**What is needed:**
Return verbatim every line from the first line of the data below to the line that contains "r *\<^sub>R y", inclusive, and no further.

(Stored data)
*****

lemma norming_graph_extend:
  assumes G: "norming_graph v G" and x0: "\<forall>a. (x0, a) \<notin> G"
  shows "\<exists>G'. norming_graph v G' \<and> G \<subset> G'"
proof -
  obtain c where lower: "\<And>y b. (y, b) \<in> G \<Longrightarrow> b - norm (y - x0) \<le> c"
    and upper: "\<And>z d. (z, d) \<in> G \<Longrightarrow> c \<le> norm (z + x0) - d"
    using norming_graph_extension_value[OF G] by blast
  define G' where "G' = {(y + t *\<^sub>R x0, b + t * c) | y b t. (y, b) \<in> G}"
  have "norming_graph v G'"
    unfolding norming_graph_def
  proof (intro conjI allI impI)
    fix x a y b assume "(x, a) \<in> G'" "(y, b) \<in> G'"
    then obtain x1 a1 s y1 b1 t where "x = x1 + s *\<^sub>R x0" "a = a1 + s * c" "(x1, a1) \<in> G"
      "y = y1 + t *\<^sub>R x0" "b = b1 + t * c" "(y1, b1) \<in> G"
      unfolding G'_def by blast
    then show "(x + y, a + b) \<in> G'" unfolding G'_def
      by (intro CollectI exI[of _ "x1 + y1"] exI[of _ "a1 + b1"] exI[of _ "s + t"])
        (auto simp: norming_graph_add[OF G] algebra_simps)
  next
    fix x a r assume "(x, a) \<in> G'"
    then obtain y b t where "x = y + t *\<^sub>R x0" "a = b + t * c" "(y, b) \<in> G"
      unfolding G'_def by blast
    moreover have "r *\<^sub>R x = r *\<^sub>R y + (r * t) *\<^sub>R x0" "r * a = r * b + (r * t) * c"
      using calculation by (simp_all add: algebra_simps)
    ultimately show "(r *\<^sub>R x, r * a) \<in> G'"
      unfolding G'_def using norming_graph_scale[OF G] by blast
  next
    fix a assume "(0, a) \<in> G'"
    then obtain y b t where e: "0 = y + t *\<^sub>R x0" "a = b + t * c" "(y, b) \<in> G"
      unfolding G'_def by blast
    show "a = 0"
    proof (cases "t = 0")
      case True
      then show ?thesis using e norming_graph_zero[OF G] by auto
    next
      case False
      then have "x0 = (- inverse t) *\<^sub>R y"
        using e(1) by (simp add: eq_neg_iff_add_eq_0[symmetric] add.commute)
      then show ?thesis using norming_graph_scale[OF G e(3), of "- inverse t"] x0 by simp
    qed
  next
    show "(v, norm v) \<in> G'" unfolding G'_def
      by (intro CollectI exI[of _ v] exI[of _ "norm v"] exI[of _ 0])
        (simp add: norming_graph_norming[OF G])
  next
    fix x a assume "(x, a) \<in> G'"
    then show "a \<le> norm x"
      unfolding G'_def using norming_graph_extension_le_norm[OF G _ lower upper] by blast
  qed
  moreover have "G \<subseteq> G'"
    unfolding G'_def by (force intro: exI[of _ 0])
  moreover have "(x0, c) \<in> G'"
    unfolding G'_def using norming_graph_scale[OF G norming_graph_norming[OF G], of 0]
    by (intro CollectI exI[of _ 0] exI[of _ 0] exI[of _ 1]) simp
  ultimately show ?thesis using x0 by blast
qed

lemma hahn_banach_norming_functional:
  fixes v :: "'a::real_normed_vector"
  assumes "v \<noteq> 0"
  obtains f where "bounded_linear f" "\<And>x. \<bar>f x\<bar> \<le> norm x" "f v = norm v"
proof -
  have "\<exists>M\<in>{G. norming_graph v G}. \<forall>X\<in>{G. norming_graph v G}. M \<subseteq> X \<longrightarrow> X = M"
  proof (rule Zorn_Lemma2, intro ballI)
    fix C assume C: "C \<in> chains {G. norming_graph v G}"
    show "\<exists>U\<in>{G. norming_graph v G}. \<forall>X\<in>C. X \<subseteq> U"
    proof (cases "C = {}")
      case True
      then show ?thesis using norming_graph_line[OF assms] by blast
    next
      case False
      then have "norming_graph v (\<Union>C)"
        using norming_graph_Union_chain C unfolding chains_def by blast
      then show ?thesis by blast
    qed
  qed
  then obtain M where M: "norming_graph v M"
    and maximal: "\<And>X. norming_graph v X \<Longrightarrow> M \<subseteq> X \<Longrightarrow> X = M"
    by blast
  have total: "\<exists>a. (x, a) \<in> M" for x
    using norming_graph_extend[OF M] maximal by blast
  define f where "f x = (THE a. (x, a) \<in> M)" for x
  have graph: "(x, f x) \<in> M" for x
    unfolding f_def using total[of x] norming_graph_unique[OF M] by (metis theI)
  have f_eq: "(x, a) \<in> M \<Longrightarrow> f x = a" for x a
    using norming_graph_unique[OF M graph] by blast
  have add: "f (x + y) = f x + f y" for x y
    using f_eq[OF norming_graph_add[OF M graph graph]] .
  have scale: "f (c *\<^sub>R x) = c * f x" for c x
    using f_eq[OF norming_graph_scale[OF M graph]] .
  have bound: "\<bar>f x\<bar> \<le> norm x" for x
    using norming_graph_le_norm[OF M graph, of x] norming_graph_le_norm[OF M graph, of "- x"]
      scale[of "-1" x] by simp
  have "bounded_linear f"
    by (rule bounded_linear_intro[where K=1]) (use add scale bound in auto)
  then show ?thesis
    using that bound f_eq[OF norming_graph_norming[OF M]] by blast
qed

section \<open>Finite-rank operators\<close>

definition cfunctional :: "('a::complex_banach \<Rightarrow> complex) \<Rightarrow> bool" where
  "cfunctional \<phi> \<longleftrightarrow> bounded_linear \<phi> \<and> (\<forall>c x. \<phi> (cscale c x) = c * \<phi> x)"

lemma cfunctional_divide: "cfunctional \<phi> \<Longrightarrow> cfunctional (\<lambda>x. \<phi> x / c)"
  by (auto simp: cfunctional_def intro: bounded_linear_compose[OF bounded_linear_divide])

lemma cfunctional_complexification:
  fixes f :: "'a::complex_banach \<Rightarrow> real"
  assumes f: "bounded_linear f"
  shows "cfunctional (\<lambda>y. Complex (f y) (- f (cscale \<i> y)))"
proof -
  interpret f: bounded_linear f by fact
  have i: "bounded_linear (\<lambda>y. cscale \<i> (y::'a))"
    by (rule bounded_linear_intro[where K=1]) (auto simp: cscale_add_right norm_cscale cscale_scaleR)
  have "bounded_linear (\<lambda>y. complex_of_real (- f (cscale \<i> y)))"
    by (intro bounded_linear_compose[OF bounded_linear_of_real] bounded_linear_minus
        bounded_linear_compose[OF f i])
  then have "bounded_linear (\<lambda>y. complex_of_real (f y) + \<i> * complex_of_real (- f (cscale \<i> y)))"
    by (intro bounded_linear_add bounded_linear_compose[OF bounded_linear_mult_right]
        bounded_linear_compose[OF bounded_linear_of_real f])
  then have linear: "bounded_linear (\<lambda>y. Complex (f y) (- f (cscale \<i> y)))"
    by (simp add: Complex_eq)
  have real_part: "f (cscale c y) = Re c * f y + Im c * f (cscale \<i> y)" for c y
    by (simp add: cscale_Re_Im[of c y] f.add f.scaleR)
  have imaginary_part: "f (cscale \<i> (cscale c y)) = Re c * f (cscale \<i> y) - Im c * f y" for c y
  proof -
    have "cscale \<i> (cscale c y) = Re c *\<^sub>R cscale \<i> y + Im c *\<^sub>R (- y)"
      by (subst cscale_left_commute, subst cscale_Re_Im) (simp only: cscale_ii_ii)
    then show ?thesis by (simp add: f.diff f.scaleR)
  qed
  show ?thesis
    unfolding cfunctional_def
  proof (intro conjI allI linear)
    fix c y
    show "Complex (f (cscale c y)) (- f (cscale \<i> (cscale c y))) = c * Complex (f y) (- f (cscale \<i> y))"
      unfolding real_part[of c y] imaginary_part[of c y] by (simp add: complex_eq_iff algebra_simps)
  qed
qed

lemma cfunctional_separating:
  fixes v :: "'a::complex_banach"
  assumes "v \<noteq> 0"
  obtains \<psi> where "cfunctional \<psi>" "\<psi> v = 1"
proof -
  obtain f where f: "bounded_linear f" "f v = norm v"
    using hahn_banach_norming_functional[OF assms] by metis
  define \<psi> where "\<psi> y = Complex (f y) (- f (cscale \<i> y))" for y
  have "cfunctional \<psi>"
    unfolding \<psi>_def by (rule cfunctional_complexification[OF f(1)])
  moreover have "\<psi> v \<noteq> 0"
    using f(2) assms by (simp add: \<psi>_def complex_eq_iff)
  ultimately show ?thesis
    using that[of "\<lambda>y. \<psi> y / \<psi> v"] cfunctional_divide[of \<psi> "\<psi> v"] by simp
qed

lemma bop_rank_one:
  assumes "cfunctional \<phi>"
  shows "bop (\<lambda>z. cscale (\<phi> z) (w::'b::complex_banach))"
proof -
  interpret \<phi>: bounded_linear \<phi> using assms cfunctional_def by blast
  obtain K where K: "\<And>x. norm (\<phi> x) \<le> norm x * K" using \<phi>.bounded by blast
  have "bounded_linear (\<lambda>z. cscale (\<phi> z) w)"
  proof (rule bounded_linear_intro[where K="K * norm w"])
    fix x y show "cscale (\<phi> (x + y)) w = cscale (\<phi> x) w + cscale (\<phi> y) w"
      by (simp add: \<phi>.add cscale_add_left)
  next
    fix r x show "cscale (\<phi> (r *\<^sub>R x)) w = r *\<^sub>R cscale (\<phi> x) w"
      by (simp add: \<phi>.scaleR scaleR_conv_of_real cscale_of_real_mult)
  next
    fix x show "norm (cscale (\<phi> x) w) \<le> norm x * (K * norm w)"
      using K[of x] by (simp add: norm_cscale mult_right_mono mult.assoc[symmetric])
  qed
  then show ?thesis
    using assms by (simp add: bop_def cfunctional_def cscale_assoc)
qed

text \<open>Every rank-one operator factors through a non-zero S: map into the line spanned by some
y0 with S y0 \<noteq> 0, apply S, and read off the coefficient with a functional normalised at S y0.\<close>

lemma rank_one_in_op_ideal:
  fixes S :: "'x::complex_banach \<Rightarrow> 'y::complex_banach" and w :: "'z2::complex_banach"
  assumes "bop S" "S \<noteq> (\<lambda>x. 0)" and \<phi>: "cfunctional (\<phi> :: 'z1::complex_banach \<Rightarrow> complex)"
  shows "(\<lambda>z. cscale (\<phi> z) w) \<in> op_ideal S"
proof -
  obtain y0 where y0: "S y0 \<noteq> 0" using assms(2) by auto
  obtain \<psi> where \<psi>: "cfunctional \<psi>" "\<psi> (S y0) = 1"
    using cfunctional_separating[OF y0] by blast
  have "(\<lambda>z. cscale (\<psi> (S (cscale (\<phi> z) y0))) w) \<in> op_ideal S"
    using op_ideal_sandwich[OF bop_rank_one[OF \<psi>(1)] bop_rank_one[OF \<phi>]] .
  then show ?thesis
    using \<psi> assms(1) by (simp add: bop_cscale cfunctional_def)
qed

lemma abs_coeff_mult_infdist_le:
  fixes b y :: "'a::real_normed_vector"
  assumes V: "subspace V" and y: "y - k *\<^sub>R b \<in> V"
  shows "\<bar>k\<bar> * infdist b V \<le> norm y"
proof (cases "k = 0")
  case False
  have "(- inverse k) *\<^sub>R (y - k *\<^sub>R b) \<in> V" by (rule subspace_scale[OF V y])
  moreover have "(- inverse k) *\<^sub>R (y - k *\<^sub>R b) = b - inverse k *\<^sub>R y"
    using False by (simp add: algebra_simps)
  ultimately have "infdist b V \<le> dist b (b - inverse k *\<^sub>R y)" by (metis infdist_le)
  also have "\<dots> = norm y / \<bar>k\<bar>"
    by (simp add: dist_norm divide_inverse abs_inverse mult.commute)
  finally show ?thesis using False by (simp add: field_simps)
qed simp

text \<open>The library proves closedness of spans only in Euclidean spaces; here it is shown by
induction on the spanning set, the new coefficient of a convergent sequence being Cauchy because
it is controlled by the distance of the new vector to the old span.\<close>

lemma closed_span_finite:
  fixes E :: "'a::real_normed_vector set"
  assumes "finite E"
  shows "closed (span E)"
  using assms
proof (induction E rule: finite_induct)
  case (insert b E)
  show ?case
  proof (cases "b \<in> span E")
    case True
    then show ?thesis using insert by (simp add: span_redundant)
  next
    case False
    define d where "d = infdist b (span E)"
    have d: "d > 0"
      unfolding d_def by (rule infdist_pos_not_in_closed) (use insert False span_zero in auto)
    show ?thesis unfolding closed_sequential_limits
    proof (intro allI impI, elim conjE)
      fix x l assume xs: "\<forall>n. x n \<in> span (insert b E)" and xl: "x \<longlonglongrightarrow> l"
      have "\<forall>n. \<exists>k. x n - k *\<^sub>R b \<in> span E"
        using xs unfolding span_insert by blast
      then obtain k where k: "\<And>n. x n - k n *\<^sub>R b \<in> span E"
        by metis
      have coeff_diff: "\<bar>k m - k n\<bar> * d \<le> norm (x m - x n)" for m n
      proof -
        have "(x m - k m *\<^sub>R b) - (x n - k n *\<^sub>R b) \<in> span E" using k span_diff by blast
        then have "(x m - x n) - (k m - k n) *\<^sub>R b \<in> span E" by (simp add: algebra_simps)
        then show ?thesis unfolding d_def by (rule abs_coeff_mult_infdist_le[OF subspace_span])
      qed
      have "Cauchy k"
      proof (rule CauchyI)
        fix e :: real assume e: "e > 0"
        obtain M where M: "\<forall>m\<ge>M. \<forall>n\<ge>M. norm (x m - x n) < e * d"
          using CauchyD[OF LIMSEQ_imp_Cauchy[OF xl], of "e * d"] e d by auto
        show "\<exists>M. \<forall>m\<ge>M. \<forall>n\<ge>M. norm (k m - k n) < e"
        proof (intro exI allI impI)
          fix m n assume "M \<le> m" "M \<le> n"
          then have "\<bar>k m - k n\<bar> * d < e * d" using coeff_diff[of m n] M by fastforce
          then show "norm (k m - k n) < e" using d by simp
        qed
      qed
      then obtain k0 where k0: "k \<longlonglongrightarrow> k0" using Cauchy_convergent_iff convergent_def by blast
      have "(\<lambda>n. x n - k n *\<^sub>R b) \<longlonglongrightarrow> l - k0 *\<^sub>R b"
        by (intro tendsto_intros xl k0)
      then have "l - k0 *\<^sub>R b \<in> span E"
        using insert(3)[unfolded closed_sequential_limits, rule_format, of "\<lambda>n. x n - k n *\<^sub>R b"] k
        by blast
      then show "l \<in> span (insert b E)" unfolding span_insert by blast
    qed
  qed
qed simp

*****

**Answer space:**
lemma norming_graph_extend:
  assumes G: "norming_graph v G" and x0: "\<forall>a. (x0, a) \<notin> G"
  shows "\<exists>G'. norming_graph v G' \<and> G \<subset> G'"
proof -
  obtain c where lower: "\<And>y b. (y, b) \<in> G \<Longrightarrow> b - norm (y - x0) \<le> c"
    and upper: "\<And>z d. (z, d) \<in> G \<Longrightarrow> c \<le> norm (z + x0) - d"
    using norming_graph_extension_value[OF G] by blast
  define G' where "G' = {(y + t *\<^sub>R x0, b + t * c) | y b t. (y, b) \<in> G}"
  have "norming_graph v G'"
    unfolding norming_graph_def
  proof (intro conjI allI impI)
    fix x a y b assume "(x, a) \<in> G'" "(y, b) \<in> G'"
    then obtain x1 a1 s y1 b1 t where "x = x1 + s *\<^sub>R x0" "a = a1 + s * c" "(x1, a1) \<in> G"
      "y = y1 + t *\<^sub>R x0" "b = b1 + t * c" "(y1, b1) \<in> G"
      unfolding G'_def by blast
    then show "(x + y, a + b) \<in> G'" unfolding G'_def
      by (intro CollectI exI[of _ "x1 + y1"] exI[of _ "a1 + b1"] exI[of _ "s + t"])
        (auto simp: norming_graph_add[OF G] algebra_simps)
  next
    fix x a r assume "(x, a) \<in> G'"
    then obtain y b t where "x = y + t *\<^sub>R x0" "a = b + t * c" "(y, b) \<in> G"
      unfolding G'_def by blast
    moreover have "r *\<^sub>R x = r *\<^sub>R y + (r * t) *\<^sub>R x0" "r * a = r * b + (r * t) * c"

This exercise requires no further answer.